İkiliklerden Kurtulmak- Fikret Çalağan*

Hiyerarşik toplumdan bu yana toplumsal tarih, devletli uygarlık ile demokratik uygarlığın mücadelesini içinde barındıran iki uygarlık çizgisinin çelişkiler, çatışmalar ve uzlaşmalarla birlikte yana yana yürüyüşünün tarihidir. Bunun güncel durumunu ise ‘kapitalist modernite’ ile ‘demokratik modernite’ olarak ele almak gerekir. Bu temelde bakıldığında tarihsel ve güncel olarak mücadelenin iki çizgi arasında yürüdüğü açıktır. Biri devletli/iktidarcı uygarlık çizgisi olurken, diğeri ise demokratik uygarlık çizgisidir. Doğal toplumdan bir sapma olan hiyerarşik toplum ve sonrasında iktidar ilişkilerinin her türlü karmaşık şekli ile gelişen kapitalizm ile birlikte toplumun tüm hücrelerine nüfuz eden devletçi/iktidarcı uygarlık çizgisi, toplum karşıtı ideolojik, politik ve kültürel bir hatta kendini örgütlemektedir. Devlet ve iktidar odaklarının toplum kırımına yönelik saldırılarına karşı, sürekli bir direnişle toplumu korumaya, demokratik uygarlığı komünal değerler çerçevesinde yeniden inşa etmeye çalışan demokratik uygarlık güçlerinin mücadelesi de ideolojik, siyasal ve kültürel bir bileşke üzerinden var olmuş ve kendini bugünlere taşımıştır. Varlığını koruma hali sürekli bir oluş haliyle sürmüştür. Oluş süreci, direnişi sürdüren demokratik uygarlık güçlerinin (kadın, etnisite, sömürüye karşı çıkan ezilen sınıflar, kültürler, ekoloji hareketleri vb.) rengini alarak, çeşitlenerek geniş ve esnek bir tarzda süreklilik kazanmıştır.
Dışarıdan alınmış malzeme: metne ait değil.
lemma pdiff_eqI: "has_pdiff i F F' \<Longrightarrow> pdiff i F = F'"
  unfolding has_pdiff_def pdiff_def by (auto intro: DERIV_imp_deriv)

lemma pdiff2_eqI: "has_pdiff i G G' \<and> has_pdiff i G' G'' \<Longrightarrow> pdiff i (pdiff i G) = G''"
  by (metis pdiff_eqI)

lemma has_pdiff_sum:
  assumes "finite S" "\<And>s. s \<in> S \<Longrightarrow> has_pdiff i (G s) (G' s)"
  shows "has_pdiff i (\<lambda>x. \<Sum>s\<in>S. G s x) (\<lambda>x. \<Sum>s\<in>S. G' s x)"
  using assms unfolding has_pdiff_def by (auto intro: DERIV_sum)

lemma pdiff2_sum:
  assumes "finite S" "\<And>s. s \<in> S \<Longrightarrow> has_pdiff i (G s) (G' s) \<and> has_pdiff i (G' s) (G'' s)"
  shows "pdiff i (pdiff i (\<lambda>x. \<Sum>s\<in>S. G s x)) = (\<lambda>x. \<Sum>s\<in>S. G'' s x)"
  using assms by (intro pdiff2_eqI[where G' = "\<lambda>x. \<Sum>s\<in>S. G' s x"] conjI has_pdiff_sum) auto

lemma has_pdiff_mult_right:
  assumes "i \<noteq> m" "has_pdiff i M M'"
  shows "has_pdiff i (\<lambda>x. M x * h (x $ m)) (\<lambda>x. M' x * h (x $ m))"
  using assms unfolding has_pdiff_def by (auto intro: DERIV_cmult_right)

lemma has_pdiff_mult_left:
  assumes "\<And>x t. M (vupd x m t) = M x" "\<And>t. (h has_real_derivative h' t) (at t)"
  shows "has_pdiff m (\<lambda>x. M x * h (x $ m)) (\<lambda>x. M x * h' (x $ m))"
  using assms unfolding has_pdiff_def by (auto intro: DERIV_cmult)

lemma glap_eq_pdiff2_plus_glap_wo:
  "glap \<omega> F x = \<omega> m * pdiff m (pdiff m F) x + glap_wo \<omega> m F x"
  unfolding glap_def glap_wo_def by (subst sum.remove[of _ m]) auto

subsection \<open>Polynomials in the variables other than the distinguished one\<close>

lemma mono_wo_vupd_same [simp]: "mono_wo \<alpha> m (vupd x m t) = mono_wo \<alpha> m x"
  unfolding mono_wo_def by (rule prod.cong) auto

lemma mono_wo_remove:
  "i \<noteq> m \<Longrightarrow> mono_wo \<alpha> m x = x $ i ^ \<alpha> i * (\<Prod>j\<in>UNIV - {m} - {i}. x $ j ^ \<alpha> j)"
  unfolding mono_wo_def by (subst prod.remove[of _ i]) auto

lemma deg_wo_remove:
  fixes \<alpha> :: "'n::finite \<Rightarrow> nat"
  shows "i \<noteq> m \<Longrightarrow> deg_wo \<alpha> m = \<alpha> i + (\<Sum>j\<in>UNIV - {m} - {i}. \<alpha> j)"
  unfolding deg_wo_def by (subst sum.remove[of _ i]) auto

lemma has_pdiff_mono_wo:
  fixes \<alpha> :: "'n::finite \<Rightarrow> nat"
  assumes "i \<noteq> m"
  shows "has_pdiff i (mono_wo \<alpha> m) (\<lambda>x. real (\<alpha> i) * mono_wo (\<alpha>(i := \<alpha> i - 1)) m x)"
  unfolding has_pdiff_def
proof
  fix x :: "real ^ 'n"
  define R where "R = (\<Prod>j\<in>UNIV - {m} - {i}. x $ j ^ \<alpha> j)"
  have "(\<Prod>j\<in>UNIV - {m} - {i}. vupd x i t $ j ^ \<alpha> j) = R" for t
    unfolding R_def by (rule prod.cong) auto
  then have "(\<lambda>t. mono_wo \<alpha> m (vupd x i t)) = (\<lambda>t. t ^ \<alpha> i * R)"
    using mono_wo_remove[OF assms] by auto
  moreover have "(\<Prod>j\<in>UNIV - {m} - {i}. x $ j ^ (\<alpha>(i := \<alpha> i - 1)) j) = R"
    unfolding R_def by (rule prod.cong) auto
  then have "mono_wo (\<alpha>(i := \<alpha> i - 1)) m x = x $ i ^ (\<alpha> i - 1) * R"
    using mono_wo_remove[OF assms] by simp
  ultimately show "((\<lambda>t. mono_wo \<alpha> m (vupd x i t)) has_real_derivative
      real (\<alpha> i) * mono_wo (\<alpha>(i := \<alpha> i - 1)) m x) (at (x $ i))"
    by (auto intro!: derivative_eq_intros)
qed

text \<open>The degree is an integer so that a negative bound characterises the zero function.\<close>

inductive poly_wo :: "'n \<Rightarrow> int \<Rightarrow> (real ^ 'n \<Rightarrow> real) \<Rightarrow> bool" for m d where
  poly_wo_monomial: "int (deg_wo \<alpha> m) \<le> d \<Longrightarrow> poly_wo m d (mono_wo \<alpha> m)"
| poly_wo_zero: "poly_wo m d (\<lambda>x. 0)"
| poly_wo_add: "poly_wo m d P \<Longrightarrow> poly_wo m d Q \<Longrightarrow> poly_wo m d (\<lambda>x. P x + Q x)"
| poly_wo_smult: "poly_wo m d P \<Longrightarrow> poly_wo m d (\<lambda>x. c * P x)"

lemma poly_wo_mono_wo_ceiling:
  "poly_wo m (2 * int (nat \<lceil>(real (deg_wo \<beta> m) - 1) / 2\<rceil>) + 1) (mono_wo \<beta> m)"
proof -
  have "real (deg_wo \<beta> m) \<le> real (2 * l + 1)" if "(real (deg_wo \<beta> m) - 1) / 2 \<le> real l" for l
    using that by simp
  then have "real (deg_wo \<beta> m) \<le> real (2 * nat \<lceil>(real (deg_wo \<beta> m) - 1) / 2\<rceil> + 1)"
    using real_nat_ceiling_ge by blast
  then show ?thesis
    by (intro poly_wo_monomial) (simp only: of_nat_le_iff)
qed

lemma poly_wo_vupd_same: "poly_wo m d P \<Longrightarrow> P (vupd x m t) = P x"
  by (induction rule: poly_wo.induct) auto

lemma poly_wo_negative: "poly_wo m d P \<Longrightarrow> d < 0 \<Longrightarrow> P = (\<lambda>x. 0)"
  by (induction rule: poly_wo.induct) auto

lemma poly_wo_sum:
  "finite S \<Longrightarrow> (\<And>s. s \<in> S \<Longrightarrow> poly_wo m d (P s)) \<Longrightarrow> poly_wo m d (\<lambda>x. \<Sum>s\<in>S. P s x)"
  by (induction rule: finite_induct) (auto intro: poly_wo.intros)

lemma poly_wo_has_pdiff:
  assumes "poly_wo m d P" "i \<noteq> m"
  shows "has_pdiff i P (pdiff i P) \<and> poly_wo m (d - 1) (pdiff i P)"
proof -
  have "\<exists>P'. has_pdiff i P P' \<and> poly_wo m (d - 1) P'"
    using assms
  proof (induction rule: poly_wo.induct)
    case (poly_wo_monomial \<alpha>)
    show ?case
    proof (cases "\<alpha> i = 0")
      case True
      then show ?thesis
        using has_pdiff_mono_wo[OF \<open>i \<noteq> m\<close>, of \<alpha>] by (auto intro: poly_wo.poly_wo_zero)
    next
      case False
      then have "int (deg_wo (\<alpha>(i := \<alpha> i - 1)) m) \<le> d - 1"
        using poly_wo_monomial.hyps deg_wo_remove[OF \<open>i \<noteq> m\<close>, of \<alpha>]
          deg_wo_remove[OF \<open>i \<noteq> m\<close>, of "\<alpha>(i := \<alpha> i - 1)"] by simp
      then show ?thesis
        using has_pdiff_mono_wo[OF \<open>i \<noteq> m\<close>, of \<alpha>] by (blast intro: poly_wo.intros)
    qed
  next
    case poly_wo_zero
    then show ?case by (auto simp: has_pdiff_def intro!: exI[of _ "\<lambda>x. 0"] poly_wo.poly_wo_zero)
  next
    case (poly_wo_add P Q)
    then obtain P' Q' where "has_pdiff i P P'" "poly_wo m (d - 1) P'"
      and "has_pdiff i Q Q'" "poly_wo m (d - 1) Q'" by blast
    then show ?case
      unfolding has_pdiff_def
      by (auto intro!: exI[of _ "\<lambda>x. P' x + Q' x"] poly_wo.poly_wo_add DERIV_add)
  next
    case (poly_wo_smult P c)
    then obtain P' where "has_pdiff i P P'" "poly_wo m (d - 1) P'" by blast
    then show ?case
      unfolding has_pdiff_def
      by (auto intro!: exI[of _ "\<lambda>x. c * P' x"] poly_wo.poly_wo_smult DERIV_cmult)
  qed
  then show ?thesis using pdiff_eqI by blast
qed

lemma poly_wo_glap_wo:
  assumes "poly_wo m d P"
  shows "poly_wo m (d - 2) (glap_wo \<omega> m P)"
proof -
  have "poly_wo m (d - 1 - 1) (pdiff i (pdiff i P))" if "i \<noteq> m" for i
    using assms that by (blast dest: poly_wo_has_pdiff[THEN conjunct2])
  then show ?thesis
    unfolding glap_wo_def by (auto intro!: poly_wo_sum poly_wo.poly_wo_smult)
qed

lemma poly_wo_glap_wo_pow: "poly_wo m d P \<Longrightarrow> poly_wo m (d - 2 * int p) ((glap_wo \<omega> m ^^ p) P)"
  by (induction p) (auto dest: poly_wo_glap_wo[where \<omega> = \<omega>] simp: algebra_simps)

lemma has_pdiff2_mult_right:
  assumes "poly_wo m d M" "i \<noteq> m"
  shows "has_pdiff i (\<lambda>x. M x * h (x $ m)) (\<lambda>x. pdiff i M x * h (x $ m))
    \<and> has_pdiff i (\<lambda>x. pdiff i M x * h (x $ m)) (\<lambda>x. pdiff i (pdiff i M) x * h (x $ m))"
  using poly_wo_has_pdiff[OF assms] poly_wo_has_pdiff[of m "d - 1" "pdiff i M", OF _ assms(2)]
  by (auto intro: has_pdiff_mult_right[OF assms(2)])

lemma has_pdiff2_mult_left:
  assumes "\<And>x t. M (vupd x m t) = M x"
    and "\<And>t. (h has_real_derivative h' t) (at t)" "\<And>t. (h' has_real_derivative h'' t) (at t)"
  shows "has_pdiff m (\<lambda>x. M x * h (x $ m)) (\<lambda>x. M x * h' (x $ m))
    \<and> has_pdiff m (\<lambda>x. M x * h' (x $ m)) (\<lambda>x. M x * h'' (x $ m))"
  using assms by (simp add: has_pdiff_mult_left)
Politik mücadelenin uzun sürmesi ve zamana yayılması birçok komplikasyona neden olmuş, dogmatik tarzda katılaşmalara da zemin hazırlamıştır. Özellikle devletli uygarlık çizgisinin toplumsal yaşamda hegemonya kurması ve yarattığı kurumsallaşmaların da etkisi ile iktidar her gün hem tepeden hem toplumun kendi içinden yeniden ve yeniden üretilmiştir. Muhalif bütün toplumsal kesimlerin politik esnekliğini ve manevra yapma kabiliyetlerini sekteye uğratmak ve katı-dogmatik bir hat yaratmak için çatışan ikilikler devreye sokulmuştur. Düşünme eylemini ve pratik süreci bu ikiliklere daraltmak konusunda yoğun bir çaba harcanmıştır. Özellikle kapitalizmin gelişimini hazırlayan Kartezyen düşünme biçimi; bunu daha da boyutlandırarak beden ve ruh ayrımından tutalım her türlü ilişki, düşünüş, politika ve eylemi ikilikler ve karşıtlıklar üzerinden ‘birinden birine’ toplumu/bireyi mecbur bırakmaya, alternatif yokmuşçasına yaşamın içinde var olan diğer olasılıkları silikleştirmeye yönelik bir tutum gelişmiştir. Üçüncü yol/seçenek tartışmaları ve kavramsallaştırmaları ikilikler üzerinden yaşanan daralmaya bir çözüm sunma adına farklı politik çevrelerce kendi diskurlarıyla anlam yüklenmeye çalışılarak tartışıldı ve günümüze kadar geldi.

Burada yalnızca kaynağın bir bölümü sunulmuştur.